Let $f \colon [0,1] \to \mathbb R$ be continuous and let $f_n$ be defined by $$ f_n(x):=f(x^n), \qquad x \in [0,1], \,\, n \in \mathbb N. $$ Suppose there exists a continuous function $g$ on $[0,1]$ such that $f_n \to g$ uniformly. Then $f$ is constant.
Let $\overline{x} \in [0,1)$ be fixed.
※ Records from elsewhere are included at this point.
definition PF :: "('s::finite \<times> 'r::finite \<Rightarrow> 's \<times> 'r \<Rightarrow> complex) \<Rightarrow> real \<Rightarrow> ('r \<Rightarrow> real)
    \<Rightarrow> ('s \<times> 'm::finite \<Rightarrow> real) \<Rightarrow> ('s \<times> 'm \<Rightarrow> 's \<times> 'm \<Rightarrow> complex) \<Rightarrow> ('s \<times> 'm \<Rightarrow> 's \<times> 'm \<Rightarrow> complex)
    \<Rightarrow> ('s \<times> 'm) \<times> 'r \<times> ('s \<times> 'm) \<times> 'r \<Rightarrow> real" where
  "PF USR \<beta> E Pn phi psi \<gamma> = (case \<gamma> of (n, r, n', r') \<Rightarrow>
      (cmod (mat_elem (lift_U USR) (tensor_vec (psi n') (basis_vec r')) (tensor_vec (phi n) (basis_vec r))))\<^sup>2
      * Pn n * gibbs \<beta> E r)"

definition sigma_SM :: "real \<Rightarrow> ('r \<Rightarrow> real) \<Rightarrow> ('a \<Rightarrow> real) \<Rightarrow> ('a \<Rightarrow> real) \<Rightarrow> 'a \<times> 'r \<times> 'a \<times> 'r \<Rightarrow> real" where
  "sigma_SM \<beta> E Pn Pt \<gamma> = (case \<gamma> of (n, r, n', r') \<Rightarrow>
      - ln (Pt n') + ln (Pn n) + \<beta> * (E r' - E r))"

text \<open>e^{-sigma}, with the convention e^{-\<infinity>} = 0 when the final eigenvalue vanishes.\<close>
definition exp_neg_sigma :: "real \<Rightarrow> ('r \<Rightarrow> real) \<Rightarrow> ('a \<Rightarrow> real) \<Rightarrow> ('a \<Rightarrow> real) \<Rightarrow> 'a \<times> 'r \<times> 'a \<times> 'r \<Rightarrow> real" where
  "exp_neg_sigma \<beta> E Pn Pt \<gamma> = (case \<gamma> of (n, r, n', r') \<Rightarrow>
      if Pt n' = 0 then 0 else exp (- sigma_SM \<beta> E Pn Pt \<gamma>))"

end

theory Submission
  imports Defs "HOL-Analysis.Cartesian_Space"
begin

text \<open>Multiplying the forward weight P_n P_r by e^(-sigma) replaces it by the final weight
Pt_n' P_r' (or by 0 when Pt_n' = 0), the weight of the time-reversed trajectory. For a fixed final
basis vector |n',r'>, the transition probabilities |<n',r'|U|n,r>|^2 sum over the initial basis to
||U^dagger |n',r'>||^2 = 1 by Parseval and unitarity, so the average collapses to the sum of
Pt_n' P_r', which is 1 since the final state has unit trace. Positivity enters only to make the
logarithms meaningful: P_n > 0 by positive definiteness, and Pt_n' >= 0 because the final state is
a partial trace of a unitary conjugate of a positive operator.\<close>

definition mvmult :: "('a::finite \<Rightarrow> 'a \<Rightarrow> complex) \<Rightarrow> ('a \<Rightarrow> complex) \<Rightarrow> 'a \<Rightarrow> complex" where
  "mvmult A v i = (\<Sum>j\<in>UNIV. A i j * v j)"

definition vinner :: "('a::finite \<Rightarrow> complex) \<Rightarrow> ('a \<Rightarrow> complex) \<Rightarrow> complex" where
  "vinner v w = (\<Sum>i\<in>UNIV. cnj (v i) * w i)"

definition psd_op :: "('a::finite \<Rightarrow> 'a \<Rightarrow> complex) \<Rightarrow> bool" where
  "psd_op A \<longleftrightarrow> (\<forall>v. 0 \<le> Re (qform A v))"

lemmas sum_delta_simps =
  if_distrib[of cnj] if_distrib[of "\<lambda>c. _ * c"] if_distrib[of "\<lambda>c. c * _"]
  sum.If_cases if_distrib[of "sum _"]

lemma sum_UNIV_prod:
  "(\<Sum>x\<in>(UNIV::('a::finite \<times> 'b::finite) set). f x) = (\<Sum>a\<in>UNIV. \<Sum>b\<in>UNIV. f (a, b))"
  by (simp add: sum.cartesian_product UNIV_Times_UNIV[symmetric] del: UNIV_Times_UNIV)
Then we have that the sequence of real numbers $x_n:=\overline{x}^{n} \to 0$ as $n \to +\infty$.
On the one hand, by continuity, we have
$$
f(x_n) \to f(0);
$$
on the other hand, being $f(x_n) = f(\overline{x}^{n}) = f_n(\overline{x})$, by pointwise convergence, we deduce
$$
f(x_n) = f_n(\overline{x}) \to g(\overline{x}).
$$
Hence for every $x \in [0,1)$ we have $g(x)= f(0)$.
If $x=1$ then we have $f(1)=f_n(1) \to g(1)$. By continuity, $g$ must be constant and in particular we have $f(0)=f(1)$.
Now for any $\overline{x} \in (0,1)$ we have $$ f(\overline{x}) = f_n(\overline{x}^{1/n}) \to g(1) $$ because $f_n \to g$ uniformly and $\overline{x}^{1/n} \to 1$. Hence we must have $f(x)=g(1)$ for any $x \in (0,1)$.
Thus we deduce that $f$ is constant on $[0,1]$.
Is this correct? Thanks.